Well, there was no well defined mapping. Element just parses the events without any verification, which lead to fun bugs where you could make some content only show when replying to the event via Element (and replacing the content you replied with, effectively impersonating you). Similarly Element accepted strings as power levels, which would break the federation of the room between different server implementations. In other clients invalid events make the whole room fail to render. By applying some generic mapping, we are basically pushing the error handling up the stack and higher layers of the application will have to deal with them.
Long term extensible events might help with this, as you can parse only the valid subset of a message. Until then, maybe we could instead define an "InvalidEvent" type, which would in the UI be rendered as clearly being invalid, but could still be inspected via "view source"?
could make some content only show when replying to the event via Element
This sounds very interesting. I think this might be down to accepting semantically invalid messages, rather than just syntactically invalid. Something that is probably possible to accidentally do in the process of making allowances on "required" keys in objects. The general solution of "partial sub-objects are treated as if they weren't even there" should avoid such an issue, otherwise care needs to be taken using common sense knowledge of how to react to data that isn't there
I am definitely not proposing something that would allow a message with a blank or invalid msgtype, for example, to get passed through to the app in some broken form, because the type system should not even allow such a thing.
Ideally, no combination of struct field values will be created that couldn't already have been created using a differently formatted blob of JSON, and that is enough to guarantee that the format corrections cannot introduce any new bugs.
accepted strings as power levels, which would break the federation of the room between different server implementations
If the type got propagated to the actual room state, it is a server issue for sure.
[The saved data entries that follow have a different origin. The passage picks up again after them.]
(* Let $\Omega$ be a domain in $\mathbb R^2$ and let $F$ be a compact subdomain of $\Omega$. Suppose $x\in\Omega\setminus\overline F$, $r>0$ with $B(x,2r)\subset\Omega\setminus\overline F$, and $\gamma$ is a curve joining $x$ to the circle $S(x,2r)$. Then $\mathrm{cap}(F,\gamma;\Omega)>c(r)>0$, where $c(r)$ is a positive constant depending on $r$ (and not on $\gamma$).
   Context: For disjoint sets $F_0,F_1\subset\Omega$, the conformal capacity is $\mathrm{cap}(F_0,F_1;\Omega)=\inf\int_\Omega|\nabla v|^2dx$, where the infimum is over nonnegative $v\in C(\Omega)$ with square integrable weak gradient, $v=0$ in a neighborhood of $F_0$, and $v\ge1$ in a neighborhood of $F_1$. $B(x,r)$ and $S(x,r)$ denote the Euclidean disc and circle of radius $r$ centered at $x$. *)

theory Defs
  imports "HOL-Analysis.Analysis"
begin

type_synonym R2 = "real^2"

fun Ck :: "nat \<Rightarrow> (R2 \<Rightarrow> real) \<Rightarrow> bool" where
  "Ck 0 f = continuous_on UNIV f"
| "Ck (Suc k) f = ((\<forall>x. f differentiable (at x)) \<and>
      (\<forall>i\<in>(Basis::R2 set). Ck k (\<lambda>x. frechet_derivative f (at x) i)))"

definition smooth_fun :: "(R2 \<Rightarrow> real) \<Rightarrow> bool" where
  "smooth_fun f \<longleftrightarrow> (\<forall>k. Ck k f)"

definition test_fun :: "R2 set \<Rightarrow> (R2 \<Rightarrow> real) \<Rightarrow> bool" where
  "test_fun \<Omega> \<phi> \<longleftrightarrow> smooth_fun \<phi> \<and>
     compact (closure {x. \<phi> x \<noteq> 0}) \<and> closure {x. \<phi> x \<noteq> 0} \<subseteq> \<Omega>"

definition weak_gradient :: "R2 set \<Rightarrow> (R2 \<Rightarrow> real) \<Rightarrow> (R2 \<Rightarrow> R2) \<Rightarrow> bool" where
  "weak_gradient \<Omega> v G \<longleftrightarrow>
     (\<forall>K. compact K \<and> K \<subseteq> \<Omega> \<longrightarrow> G absolutely_integrable_on K) \<and>
     (\<forall>\<phi> i. test_fun \<Omega> \<phi> \<and> i \<in> Basis \<longrightarrow>
        integral \<Omega> (\<lambda>x. v x * frechet_derivative \<phi> (at x) i)
        = - integral \<Omega> (\<lambda>x. (G x \<bullet> i) * \<phi> x))"

definition cap_admissible :: "R2 set \<Rightarrow> R2 set \<Rightarrow> R2 set \<Rightarrow> (R2 \<Rightarrow> real) \<Rightarrow> (R2 \<Rightarrow> R2) \<Rightarrow> bool" where
  "cap_admissible F0 F1 \<Omega> v G \<longleftrightarrow>
     continuous_on \<Omega> v \<and> (\<forall>x\<in>\<Omega>. 0 \<le> v x) \<and>
     weak_gradient \<Omega> v G \<and> (\<lambda>x. norm (G x) ^ 2) integrable_on \<Omega> \<and>
     (\<exists>U. open U \<and> F0 \<subseteq> U \<and> (\<forall>x\<in>U \<inter> \<Omega>. v x = 0)) \<and>
     (\<exists>U. open U \<and> F1 \<subseteq> U \<and> (\<forall>x\<in>U \<inter> \<Omega>. 1 \<le> v x))"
If mtxclient is using any JSON data as the direct input to send JSON back, then something like that may be an issue.
pushing the error handling up the stack
I don't think this is true, because all out-of-spec event handling is taken care of completely before it reaches the user application. It is simply the difference between accepting or refusing to pass along a message because it has some out-of-spec format issue, like image dimensions being encoded as a string -- in either case it reaches the app as a concrete type, with the same possible range of values that it always had.
Until then, maybe we could instead define an "InvalidEvent" type
I am unsure about this, for the reason that its not that the event is necessarily invalid. A valid event can be the result of parsing the JSON message, even if it was improperly encoded.
I think I'd prefer, at most, a flag to the application to indicate that some out-of-spec conversion was made to show a visual indicator could be useful for developers, or people who might need to be aware that "This event's encoding is not quite right and may not display/interact the same, or even not be visible at all, in other Matrix clients".
However, any event may appear totally different in another client due to differences in extensions -- but then, maybe another flag could warn the application that there was unknown extension data present in the event.
Maybe it would be a good idea to just fix the thumbnail_url parsing issue for now to get familiar with the process? :3
Incremental improvement sounds like a plan. I think its pretty agreeable that a null value in an optional field is a pretty clear-cut candidate to be handled.